(Beginning of Working data)

(* Let $n\ge 1$ and let $x=x_1x_2\cdots x_n\in \mathrm{Av}_n(312)$. Then $x$ lies in the image $\mathsf{Pop}_{\mathrm{Av}_n(312)}(\mathrm{Av}_n(312))$ if and only if $x_n=n$ and $x$ has no consecutive double descent, i.e. there is no index $i$ with $x_i>x_{i+1}>x_{i+2}$.
   Context: $\mathrm{Av}_n(312)$ is the set of permutations $x_1\cdots x_n$ of $[n]$ with no indices $i<j<k$ such that $x_j<x_k<x_i$, partially ordered by the restriction of the right weak order on $S_n$ (in $S_n$, $y\lessdot x$ iff $y$ is obtained from $x$ by swapping two adjacent entries $x_i>x_{i+1}$); it is a lattice (isomorphic to the Tamari lattice). For a finite lattice $M$, $\mathsf{Pop}_M(x)=\bigwedge(\{y\in M: y\lessdot x\}\cup\{x\})$ where covers and meets are taken in $M$. *)

theory Defs
  imports Main
begin

text \<open>Permutations of [n] as lists (0-based list indices; entries 1..n).\<close>
definition perms :: "nat \<Rightarrow> nat list set" where
  "perms n = {x. length x = n \<and> distinct x \<and> set x = {1..n}}"

definition Av312 :: "nat \<Rightarrow> nat list set" where
  "Av312 n = {x \<in> perms n. \<not> (\<exists>i j k. i < j \<and> j < k \<and> k < n \<and> x ! j < x ! k \<and> x ! k < x ! i)}"

definition weak_step :: "nat list \<Rightarrow> nat list \<Rightarrow> bool" where
  "weak_step x y \<longleftrightarrow> (\<exists>i. Suc i < length x \<and> x ! i > x ! Suc i \<and>
      y = x[i := x ! Suc i, Suc i := x ! i])"

definition weak_le :: "nat list \<Rightarrow> nat list \<Rightarrow> bool" where
  "weak_le y x \<longleftrightarrow> weak_step\<^sup>*\<^sup>* x y"

definition covers_in :: "'a set \<Rightarrow> ('a \<Rightarrow> 'a \<Rightarrow> bool) \<Rightarrow> 'a \<Rightarrow> 'a \<Rightarrow> bool" where
  "covers_in M le y x \<longleftrightarrow> y \<in> M \<and> x \<in> M \<and> le y x \<and> y \<noteq> x \<and>
     \<not> (\<exists>z\<in>M. le y z \<and> le z x \<and> z \<noteq> y \<and> z \<noteq> x)"

definition is_meet_in :: "'a set \<Rightarrow> ('a \<Rightarrow> 'a \<Rightarrow> bool) \<Rightarrow> 'a set \<Rightarrow> 'a \<Rightarrow> bool" where
  "is_meet_in M le S m \<longleftrightarrow> m \<in> M \<and> (\<forall>s\<in>S. le m s) \<and>
     (\<forall>m'\<in>M. (\<forall>s\<in>S. le m' s) \<longrightarrow> le m' m)"

definition meet_in :: "'a set \<Rightarrow> ('a \<Rightarrow> 'a \<Rightarrow> bool) \<Rightarrow> 'a set \<Rightarrow> 'a" where
  "meet_in M le S = (THE m. is_meet_in M le S m)"

definition Pop :: "'a set \<Rightarrow> ('a \<Rightarrow> 'a \<Rightarrow> bool) \<Rightarrow> 'a \<Rightarrow> 'a" where
  "Pop M le x = meet_in M le ({y \<in> M. covers_in M le y x} \<union> {x})"

end

theory Submission
  imports Defs
begin

text \<open>A 312-avoiding permutation \<open>x\<close> is determined by its bracket vector \<open>reach x\<close>, where
  \<open>reach x a\<close> is the largest value above \<open>a\<close> occurring before \<open>a\<close> in \<open>x\<close>. Since the weak order
  is inclusion of inversion sets, on \<open>Av312 n\<close> it becomes the componentwise order of bracket
  vectors. A lower cover of \<open>x\<close> lowers a single entry \<open>reach x a\<close> to the largest \<open>m < reach x a\<close>
  for which \<open>[a, m]\<close> is a union of brackets, so \<open>Pop\<close> lowers all entries at once. The vectors
  obtained in this way are exactly those whose brackets end below \<open>n\<close> and never share their
  right end with a bracket nested inside; for \<open>x\<close> itself these two conditions say that
  \<open>x\<^sub>n = n\<close> and that \<open>x\<close> has no double descent.\<close>

definition precedes :: "'a list \<Rightarrow> 'a \<Rightarrow> 'a \<Rightarrow> bool" where
  "precedes x u v \<longleftrightarrow> (\<exists>i j. i < j \<and> j < length x \<and> x ! i = u \<and> x ! j = v)"

lemma precedes_in_set: "precedes x u v \<Longrightarrow> u \<in> set x \<and> v \<in> set x"
  unfolding precedes_def by auto

lemma precedes_irrefl: "distinct x \<Longrightarrow> \<not> precedes x u u"
  unfolding precedes_def using nth_eq_iff_index_eq by fastforce

lemma precedes_asym: "distinct x \<Longrightarrow> precedes x u v \<Longrightarrow> \<not> precedes x v u"
  unfolding precedes_def
  by (metis nth_eq_iff_index_eq order.strict_trans not_less_iff_gr_or_eq)

lemma precedes_trans: "distinct x \<Longrightarrow> precedes x u v \<Longrightarrow> precedes x v w \<Longrightarrow> precedes x u w"
  unfolding precedes_def by (metis nth_eq_iff_index_eq order.strict_trans)

lemma precedes_total:
  "u \<in> set x \<Longrightarrow> v \<in> set x \<Longrightarrow> u \<noteq> v \<Longrightarrow> precedes x u v \<or> precedes x v u"
  unfolding precedes_def in_set_conv_nth by (metis linorder_neqE_nat)

lemma precedes_iff_not_precedes:
  "distinct x \<Longrightarrow> u \<in> set x \<Longrightarrow> v \<in> set x \<Longrightarrow> u \<noteq> v \<Longrightarrow> precedes x u v \<longleftrightarrow> \<not> precedes x v u"
  using precedes_total precedes_asym by metis

lemma precedes_nth_iff:
  "distinct x \<Longrightarrow> i < length x \<Longrightarrow> j < length x \<Longrightarrow> precedes x (x ! i) (x ! j) \<longleftrightarrow> i < j"
  unfolding precedes_def using nth_eq_iff_index_eq by fastforce

lemma precedes_nthE:
  assumes "distinct x" "j < length x" "precedes x u (x ! j)"
  obtains i where "i < j" "x ! i = u"
  using assms nth_eq_iff_index_eq unfolding precedes_def by metis

lemma precedes_Cons: "precedes (c # x) u v \<longleftrightarrow> (u = c \<and> v \<in> set x) \<or> precedes x u v"
proof
  assume "precedes (c # x) u v"
  then obtain i j where ij: "i < j" "j < length (c # x)" "(c # x) ! i = u" "(c # x) ! j = v"
    unfolding precedes_def by blast
  then obtain j' where j': "j = Suc j'" by (cases j) auto
  show "(u = c \<and> v \<in> set x) \<or> precedes x u v"
  proof (cases i)
    case 0 then show ?thesis using ij j' by auto
  next
    case (Suc i') then show ?thesis using ij j' unfolding precedes_def by auto
  qed
next
  assume "(u = c \<and> v \<in> set x) \<or> precedes x u v"
  then show "precedes (c # x) u v"
  proof
    assume "u = c \<and> v \<in> set x"
    then obtain j where "j < length x" "x ! j = v" "u = c" by (auto simp: in_set_conv_nth)
    then show ?thesis unfolding precedes_def by (intro exI[of _ 0] exI[of _ "Suc j"]) auto
  next
    assume "precedes x u v"
    then obtain i j where "i < j" "j < length x" "x ! i = u" "x ! j = v"
      unfolding precedes_def by blast
    then show ?thesis unfolding precedes_def by (intro exI[of _ "Suc i"] exI[of _ "Suc j"]) auto
  qed
qed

(End of Working data)

Pick from the records each line that contains the word "distinct" and show it.

  "perms n = {x. length x = n \<and> distinct x \<and> set x = {1..n}}"
lemma precedes_irrefl: "distinct x \<Longrightarrow> \<not> precedes x u u"
lemma precedes_asym: "distinct x \<Longrightarrow> precedes x u v \<Longrightarrow> \<not> precedes x v u"
lemma precedes_trans: "distinct x \<Longrightarrow> precedes x u v \<Longrightarrow> precedes x v w \<Longrightarrow> precedes x u w"
  "distinct x \<Longrightarrow> u \<in> set x \<Longrightarrow> v \<in> set x \<Longrightarrow> u \<noteq> v \<Longrightarrow> precedes x u v \<longleftrightarrow> \<not> precedes x v u"
  "distinct x \<Longrightarrow> i < length x \<Longrightarrow> j < length x \<Longrightarrow> precedes x (x ! i) (x ! j) \<longleftrightarrow> i < j"
  assumes "distinct x" "j < length x" "precedes x u (x ! j)"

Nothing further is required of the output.